Design and construction
- Architects: Baikdoosan Architects & Engineers
- Developer: Orascom Group

Other information
- Public transit: Hyŏksin: Kŏnsŏl

Korean name
- Hangul: 류경호텔
- Hanja: 柳京호텔
- RR: Ryugyeong hotel
- MR: Ryugyŏng hot'el

= Ryugyong Hotel =

Unfinished skyscraper in Pyongyang, North Korea

The Ryugyong Hotel, sometimes spelled as Yu-Kyung Hotel, is a 330 m tall unfinished pyramid-shaped skyscraper in Pyongyang, North Korea. Its name ( "capital of willows") is also one of the historical names for Pyongyang. The building has been planned as a mixed-use development, which would include a hotel.

Construction began in 1987 but was halted in 1992 as North Korea entered a period of economic crisis after the dissolution of the Soviet Union. After 1992, the building stood topped out, but without any windows or interior fittings. In 2008, construction resumed, and the exterior was completed in 2011. The hotel was planned to open in 2012, the centenary of founding leader Kim Il Sung's birth. A partial opening was announced for 2013 and subsequently cancelled. In 2018, an LED display was fitted to one side, which is used to show propaganda animations and film scenes.

==Architecture==

The Ryugyong Hotel is 330 m tall, making it the most prominent feature of Pyongyang's skyline and the tallest building in North Korea. Construction of the Ryugyong Hotel was intended to be completed in time for the 80th birthday of General Secretary of the Workers' Party of Korea and President Kim Il Sung in 1992; if this had been achieved, it would have held the title of world's tallest hotel. Before Goldin Finance 117 in China, it was considered the tallest unoccupied building in the world.

The building consists of three wings, each measuring 100 m long and 18 m wide, lightly stepped once but otherwise sloping at 75 degrees to the ground, which converge at a common point to form a pinnacle. The building is topped by a truncated cone 40 m wide, consisting of eight floors that are intended to rotate, topped by a further six static floors. The structure was originally intended to house five revolving restaurants, and either 3,000 or 7,665 guest rooms, according to different sources. According to Orascom's Khaled Bichara in 2009, the Ryugyong will not be just a hotel, but rather a mixed-use development, including "revolving restaurant" facilities along with a "mixture of hotel accommodation, apartments and business facilities".

==Construction history==
===Beginning===
The plan for a large hotel was reportedly a Cold War response to the completion of the world's then-tallest hotel, the Westin Stamford Hotel in Singapore, in 1986 by the South Korean company SsangYong Group.
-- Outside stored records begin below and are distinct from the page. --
lemma sq_F_le_second_moment: "(norm (F y))\<^sup>2 \<le> second_moment y"
proof -
  have "0 \<le> (\<integral>v. (norm (Fv Fs v y - F y))\<^sup>2 \<partial>D)" by simp
  then show ?thesis using integral_sq_Fv_deviation by simp
qed

text \<open>A state (x, g) consists of the iterate x_k and the last sampled operator value
  g = F_{v_{k-1}}(xhat_{k-1}), so that xhat gives the extrapolated point xhat_k; the initial state is
  (x_0, F_{v_{-1}}(x_0)) because xhat_{-1} = x_0.\<close>
definition xhat :: "'a \<times> 'a \<Rightarrow> 'a" where
  "xhat \<sigma> = fst \<sigma> - \<gamma> *\<^sub>R snd \<sigma>"

definition speg_step :: "'a \<times> 'a \<Rightarrow> real^'n \<Rightarrow> 'a \<times> 'a" where
  "speg_step \<sigma> v = (fst \<sigma> - \<omega> *\<^sub>R Fv Fs v (xhat \<sigma>), Fv Fs v (xhat \<sigma>))"

definition lyapunov :: "'a \<times> 'a \<Rightarrow> real" where
  "lyapunov \<sigma> = (norm (fst \<sigma> - xstar))\<^sup>2 + A * (norm (F (xhat \<sigma>) - snd \<sigma>))\<^sup>2"

lemma lyapunov_nonneg: "lyapunov \<sigma> \<ge> 0"
  unfolding lyapunov_def using A_nonneg by simp

lemma inner_F_xhat_ge:
  "inner (x - xstar) (F (x - \<gamma> *\<^sub>R g))
    \<ge> - \<rho> * (norm (F (x - \<gamma> *\<^sub>R g)))\<^sup>2
      + \<gamma> * ((norm (F (x - \<gamma> *\<^sub>R g)))\<^sup>2 + (norm g)\<^sup>2 - (norm (F (x - \<gamma> *\<^sub>R g) - g))\<^sup>2) / 2"
proof -
  define f where "f = F (x - \<gamma> *\<^sub>R g)"
  have "inner (x - xstar) f = inner f ((x - \<gamma> *\<^sub>R g) - xstar) + \<gamma> * inner f g"
    by (simp add: inner_diff_left inner_diff_right inner_commute)
  moreover have "inner f ((x - \<gamma> *\<^sub>R g) - xstar) \<ge> - \<rho> * (norm f)\<^sup>2"
    unfolding f_def by (rule weak_minty)
  moreover have "2 * inner f g = (norm f)\<^sup>2 + (norm g)\<^sup>2 - (norm (f - g))\<^sup>2"
    by (simp add: power2_norm_eq_inner inner_diff_left inner_diff_right inner_commute)
  then have "\<gamma> * inner f g = \<gamma> * ((norm f)\<^sup>2 + (norm g)\<^sup>2 - (norm (f - g))\<^sup>2) / 2"
    by (metis nonzero_mult_div_cancel_left times_divide_eq_right zero_neq_numeral)
  ultimately show ?thesis unfolding f_def[symmetric] by linarith
qed

lemma lyapunov_speg_step_le:
  fixes x g :: 'a and v :: "real^'n"
  defines "f \<equiv> F (x - \<gamma> *\<^sub>R g)" and "g' \<equiv> Fv Fs v (x - \<gamma> *\<^sub>R g)"
  shows "lyapunov (speg_step (x, g) v) \<le> (norm ((x - xstar) + (- \<omega>) *\<^sub>R g'))\<^sup>2
    + A * (L * \<gamma>) * (norm (f - g))\<^sup>2 + A * (2 * l\<^sup>2 / p) * (norm f)\<^sup>2 + A * (8 / p) * (norm (g' - f))\<^sup>2"
proof -
  have "(norm (F (x - \<omega> *\<^sub>R g' - \<gamma> *\<^sub>R g') - g'))\<^sup>2
      \<le> L * \<gamma> * (norm (f - g))\<^sup>2 + (2 * l\<^sup>2 * (norm f)\<^sup>2 + 8 * (norm (g' - f))\<^sup>2) / p"
    using lipschitz_extrapolation_residual_le[OF lipschitz L_pos gamma_pos omega(1) L_gamma_lt]
      four_l_lt_p l_pos unfolding f_def l_def p_def by simp
  then have "A * (norm (F (x - \<omega> *\<^sub>R g' - \<gamma> *\<^sub>R g') - g'))\<^sup>2
      \<le> A * (L * \<gamma>) * (norm (f - g))\<^sup>2 + A * (2 * l\<^sup>2 / p) * (norm f)\<^sup>2 + A * (8 / p) * (norm (g' - f))\<^sup>2"
    using A_nonneg mult_left_mono by (fastforce simp: algebra_simps add_divide_distrib)
  then show ?thesis
    unfolding lyapunov_def speg_step_def xhat_def g'_def by (simp add: algebra_simps)
qed

lemma expected_lyapunov_step_le:
  fixes x g :: 'a
  defines "xh \<equiv> x - \<gamma> *\<^sub>R g" and "f \<equiv> F (x - \<gamma> *\<^sub>R g)"
  shows "(norm (x - xstar))\<^sup>2 - 2 * \<omega> * inner (x - xstar) f + \<omega>\<^sup>2 * second_moment xh
      + A * (L * \<gamma>) * (norm (f - g))\<^sup>2 + A * (2 * l\<^sup>2 / p) * (norm f)\<^sup>2
      + A * (8 / p) * (second_moment xh - (norm f)\<^sup>2) + descent * (norm g)\<^sup>2
    \<le> rate * lyapunov (x, g) + noise"
proof -
  have dist_xhat: "(norm (xh - xstar))\<^sup>2 \<le> 4 * (norm (x - xstar))\<^sup>2 + (4 / 3) * \<gamma>\<^sup>2 * (norm g)\<^sup>2"
    using norm_add_sq_le_weighted[of 3 "x - xstar" "(- \<gamma>) *\<^sub>R g"] unfolding xh_def
    by (simp add: algebra_simps)
  have norm_f: "(norm f)\<^sup>2 \<le> 2 * (norm g)\<^sup>2 + 2 * (norm (f - g))\<^sup>2"
    using norm_add_sq_le_weighted[of 1 g "f - g"] by simp
  have "lyapunov (x, g) = (norm (x - xstar))\<^sup>2 + A * (norm (f - g))\<^sup>2"
    unfolding lyapunov_def xhat_def f_def by simp
  moreover have "inner (x - xstar) f \<ge> - \<rho> * (norm f)\<^sup>2 + \<gamma> * ((norm f)\<^sup>2 + (norm g)\<^sup>2 - (norm (f - g))\<^sup>2) / 2"
    using inner_F_xhat_ge[of x g] unfolding f_def .
  moreover have "(norm f)\<^sup>2 \<le> second_moment xh" "second_moment xh \<le> \<delta> * (norm (xh - xstar))\<^sup>2 + (norm f)\<^sup>2 + 2 * \<sigma>sq"
    using sq_F_le_second_moment[of xh] second_moment_le[of xh] unfolding f_def xh_def by simp_all
  ultimately show ?thesis
    using lyapunov_drift_scalar[OF zero_le_power2 zero_le_power2 zero_le_power2 zero_le_power2 _ _ _
        dist_xhat norm_f]
    by simp
qed

lemma lyapunov_drift:
  "(\<integral>\<^sup>+v. ennreal (lyapunov (speg_step \<sigma> v)) \<partial>D) + ennreal (descent * (norm (snd \<sigma>))\<^sup>2)
    \<le> ennreal (rate * lyapunov \<sigma> + noise)"
proof -
  obtain x g where \<sigma>: "\<sigma> = (x, g)" by fastforce
  define xh where "xh = x - \<gamma> *\<^sub>R g"
  define f where "f = F xh"
  define bound where "bound v = (norm ((x - xstar) + (- \<omega>) *\<^sub>R Fv Fs v xh))\<^sup>2 + A * (L * \<gamma>) * (norm (f - g))\<^sup>2
    + A * (2 * l\<^sup>2 / p) * (norm f)\<^sup>2 + A * (8 / p) * (norm (Fv Fs v xh - f))\<^sup>2" for v
  have bound_nonneg: "bound v \<ge> 0" for v
    unfolding bound_def using A_nonneg L_pos gamma_pos p_pos by simp
  have integrable_bound: "integrable D bound"
    unfolding bound_def f_def
    using integrable_sq_affine_Fv[of "x - xstar" "- \<omega>" xh] integrable_sq_Fv_deviation[of xh] by auto
  have "(\<integral>\<^sup>+v. ennreal (lyapunov (speg_step (x, g) v)) \<partial>D) \<le> ennreal (\<integral>v. bound v \<partial>D)"
    using lyapunov_speg_step_le integrable_bound bound_nonneg unfolding bound_def xh_def f_def
    by (intro nn_integral_le_integral_bound) simp_all
  then have "(\<integral>\<^sup>+v. ennreal (lyapunov (speg_step (x, g) v)) \<partial>D) + ennreal (descent * (norm g)\<^sup>2)
      \<le> ennreal ((\<integral>v. bound v \<partial>D) + descent * (norm g)\<^sup>2)"
    using integral_nonneg_AE[of bound D] bound_nonneg descent_pos by (simp add: add_right_mono)
  also have "(\<integral>v. bound v \<partial>D) = (norm (x - xstar))\<^sup>2 - 2 * \<omega> * inner (x - xstar) f
      + \<omega>\<^sup>2 * second_moment xh + A * (L * \<gamma>) * (norm (f - g))\<^sup>2 + A * (2 * l\<^sup>2 / p) * (norm f)\<^sup>2
      + A * (8 / p) * (second_moment xh - (norm f)\<^sup>2)"
    unfolding bound_def f_def
    using integrable_sq_affine_Fv[of "x - xstar" "- \<omega>" xh] integrable_sq_Fv_deviation[of xh]
      integral_sq_affine_Fv[of "x - xstar" "- \<omega>" xh] integral_sq_Fv_deviation[of xh]
    by (simp add: prob_space)
  also have "\<dots> + descent * (norm g)\<^sup>2 \<le> rate * lyapunov (x, g) + noise"
    using expected_lyapunov_step_le[of x g] unfolding xh_def f_def .
  finally show ?thesis
    unfolding \<sigma> by (simp add: ennreal_leI order_trans)
qed

abbreviation state_space :: "('a \<times> 'a) measure" where
  "state_space \<equiv> borel \<Otimes>\<^sub>M borel"

lemma measurable_speg_step: "case_prod speg_step \<in> measurable (state_space \<Otimes>\<^sub>M D) state_space"
proof -
  have "measurable (state_space \<Otimes>\<^sub>M D) state_space = measurable (state_space \<Otimes>\<^sub>M borel) state_space"
    by (rule measurable_cong_sets[OF sets_pair_measure_cong[OF refl sets_D] refl])
  then show ?thesis
    unfolding case_prod_beta' speg_step_def xhat_def Fv_def by simp
qed

lemma measurable_lyapunov [measurable]: "lyapunov \<in> borel_measurable state_space"
  unfolding lyapunov_def xhat_def Favg_def by measurable

definition sq_residual :: "'a \<times> 'a \<Rightarrow> ennreal" where
  "sq_residual \<sigma> = ennreal ((norm (F (xhat \<sigma>)))\<^sup>2)"

lemma measurable_sq_residual [measurable]: "sq_residual \<in> borel_measurable state_space"
  unfolding sq_residual_def xhat_def Favg_def by measurable

definition next_lyapunov :: "'a \<times> 'a \<Rightarrow> ennreal" where
  "next_lyapunov \<sigma> = (\<integral>\<^sup>+v. ennreal (lyapunov (speg_step \<sigma> v)) \<partial>D)"

lemma measurable_next_lyapunov [measurable]: "next_lyapunov \<in> borel_measurable state_space"
proof -
  have "(\<lambda>(\<sigma>, v). ennreal (lyapunov (speg_step \<sigma> v))) \<in> borel_measurable (state_space \<Otimes>\<^sub>M D)"
    using measurable_compose[OF measurable_speg_step measurable_lyapunov] by (simp add: case_prod_beta')
  from borel_measurable_nn_integral[OF this] show ?thesis
    unfolding next_lyapunov_def by simp
qed

lemma measurable_speg_step_at [measurable]: "speg_step \<sigma> \<in> measurable D state_space"
  using measurable_compose[OF measurable_Pair1'[of \<sigma> state_space] measurable_speg_step]
  by (simp add: space_pair_measure)

lemma next_lyapunov_le: "next_lyapunov \<sigma> \<le> ennreal (rate * lyapunov \<sigma> + noise)"
  unfolding next_lyapunov_def by (rule order_trans[OF _ lyapunov_drift]) simp

lemma next_lyapunov_drift:
  "(\<integral>\<^sup>+v. next_lyapunov (speg_step \<sigma> v) \<partial>D) + ennreal descent * sq_residual \<sigma>
    \<le> ennreal rate * next_lyapunov \<sigma> + ennreal noise"
proof -
  have "ennreal descent * sq_residual \<sigma> \<le> ennreal descent * ennreal (second_moment (xhat \<sigma>))"
    unfolding sq_residual_def using sq_F_le_second_moment by (intro mult_left_mono ennreal_leI) auto
  also have "\<dots> = (\<integral>\<^sup>+v. ennreal (descent * (norm (snd (speg_step \<sigma> v)))\<^sup>2) \<partial>D)"
    unfolding nn_integral_sq_Fv[symmetric] speg_step_def using descent_pos
    by (simp add: ennreal_mult nn_integral_cmult)
  finally have "(\<integral>\<^sup>+v. next_lyapunov (speg_step \<sigma> v) \<partial>D) + ennreal descent * sq_residual \<sigma>
      \<le> (\<integral>\<^sup>+v. next_lyapunov (speg_step \<sigma> v) + ennreal (descent * (norm (snd (speg_step \<sigma> v)))\<^sup>2) \<partial>D)"
    by (simp add: nn_integral_add add_left_mono speg_step_def)
  also have "\<dots> \<le> (\<integral>\<^sup>+v. ennreal (rate * lyapunov (speg_step \<sigma> v) + noise) \<partial>D)"
    unfolding next_lyapunov_def by (intro nn_integral_mono lyapunov_drift)
  also have "\<dots> = ennreal rate * next_lyapunov \<sigma> + ennreal noise"
    using rate_ge_1 lyapunov_nonneg noise_nonneg unfolding next_lyapunov_def
    by (simp add: ennreal_mult nn_integral_add nn_integral_cmult emeasure_space_1)
  finally show ?thesis .
qed

lemma nn_integral_initial_lyapunov_le:
  "(\<integral>\<^sup>+v. ennreal (lyapunov (x0, Fv Fs v x0)) \<partial>D) \<le> ennreal (initial_bound ((norm (x0 - xstar))\<^sup>2))"
proof -
  define E0 where "E0 = (norm (x0 - xstar))\<^sup>2"
  define bound where "bound v = E0 + A * (2 * (norm (Fv Fs v x0))\<^sup>2 + 2 * (norm (Fv Fs v x0 - F x0))\<^sup>2)" for v
  have pointwise: "lyapunov (x0, Fv Fs v x0) \<le> bound v" for v
  proof -
    define g where "g = Fv Fs v x0"
    have "norm (F (x0 - \<gamma> *\<^sub>R g) - g) \<le> norm (F (x0 - \<gamma> *\<^sub>R g) - F x0) + norm (g - F x0)"
      by (metis norm_minus_commute norm_triangle_ineq4 diff_diff_eq2 diff_add_cancel)
    also have "\<dots> \<le> L * \<gamma> * norm g + norm (g - F x0)"
      using lipschitz[of "x0 - \<gamma> *\<^sub>R g" x0] gamma_pos by simp
    also have "\<dots> \<le> norm g + norm (g - F x0)"
      using mult_right_mono[of "L * \<gamma>" 1 "norm g"] L_gamma_lt by simp
    finally have "(norm (F (x0 - \<gamma> *\<^sub>R g) - g))\<^sup>2 \<le> (norm g + norm (g - F x0))\<^sup>2"
      by (simp add: power_mono)
    also have "\<dots> \<le> 2 * (norm g)\<^sup>2 + 2 * (norm (g - F x0))\<^sup>2"
      using norm_add_sq_le_weighted[of 1 "norm g" "norm (g - F x0)"] by simp
    finally show ?thesis
      unfolding lyapunov_def bound_def xhat_def E0_def g_def using A_nonneg
      by (simp add: mult_left_mono)
  qed
  have "(norm (F x0))\<^sup>2 \<le> L\<^sup>2 * E0"
    using power_mono[OF norm_F_le[of x0]] unfolding E0_def by (simp add: power_mult_distrib)
  then have "2 * second_moment x0 + 2 * (second_moment x0 - (norm (F x0))\<^sup>2) \<le> (2 * L\<^sup>2 + 4 * \<delta>) * E0 + 8 * \<sigma>sq"
    using second_moment_le[of x0] unfolding E0_def by (simp add: algebra_simps)
  moreover have "(\<integral>v. bound v \<partial>D) = E0 + A * (2 * second_moment x0 + 2 * (second_moment x0 - (norm (F x0))\<^sup>2))"
    using integral_sq_Fv_deviation[of x0] integrable_sq_Fv[of x0] integrable_sq_Fv_deviation[of x0]
    unfolding bound_def by (simp add: prob_space second_moment_def)
  ultimately have "(\<integral>v. bound v \<partial>D) \<le> E0 + A * ((2 * L\<^sup>2 + 4 * \<delta>) * E0 + 8 * \<sigma>sq)"
    using A_nonneg by (simp add: mult_left_mono)
  also have "\<dots> = initial_bound E0"
    unfolding initial_bound_def by (simp add: algebra_simps)
  finally have "(\<integral>v. bound v \<partial>D) \<le> initial_bound E0" .
  moreover have "(\<integral>\<^sup>+v. ennreal (lyapunov (x0, Fv Fs v x0)) \<partial>D) \<le> ennreal (\<integral>v. bound v \<partial>D)"
    using pointwise A_nonneg integrable_sq_Fv[of x0] integrable_sq_Fv_deviation[of x0]
    unfolding bound_def E0_def by (intro nn_integral_le_integral_bound) auto
  ultimately show ?thesis
    unfolding E0_def by (meson ennreal_leI order_trans)
qed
North Korean leadership envisioned the project as a channel for Western investors to step into the marketplace. A firm, The Ryugyong Hotel Investment and Management, was established to attract a hoped-for $230 million in foreign investment. A representative for the North Korean government promised relaxed oversight, allowing "foreign investors [to] operate casinos, nightclubs or Japanese lounges". North Korean construction firm Baikdoosan Architects & Engineers (also known as Baekdu Mountain Architects and Engineers) began construction on a pyramid‑shaped hotel in 1987.

The hotel was originally scheduled to be opened to the public in 1992 for the 80th birthday of Kim, but problems with building methods and materials delayed completion. Had it opened on schedule, it would have surpassed the Westin Stamford to become the world's tallest hotel, and would have been the seventh-tallest building in the world. It would have also become the tallest building in the Korean Peninsula, surpassing the 63 Building which was built in 1985. Instead it became the world's tallest abandoned building.

===Halt===
In 1992, after the building had reached its full architectural height, work was halted due to the economic crisis in North Korea following the collapse of the Soviet Union. Japanese newspapers estimated the cost of construction was $750 million, consuming 2 percent of North Korea's GDP. For over a decade, the unfinished building sat vacant and without windows, fixtures, or fittings, appearing as a massive concrete shell. A rusting construction crane remained at the top, which the BBC called "a reminder of the totalitarian state's thwarted ambition". According to Marcus Noland, in the late 1990s, the European Chamber of Commerce in Korea inspected the building and concluded that the structure was irreparable. Questions were raised regarding the quality of the building's concrete and the alignment of its elevator shafts, which some sources said were "crooked".

In a 2006 article, ABC News questioned whether North Korea had sufficient raw materials or energy for such a massive project. A North Korean government official told the Los Angeles Times in 2008 that construction was not completed "because [North Korea] ran out of money".

Though mocked-up images of the completed hotel had appeared on North Korean stamps during the initial construction period, the North Korean government ignored the building's existence during the construction hiatus even though it dominated the Pyongyang skyline. The government manipulated official photographs in order to remove the unfinished structure from the skyline, and excluded it from printed maps of Pyongyang.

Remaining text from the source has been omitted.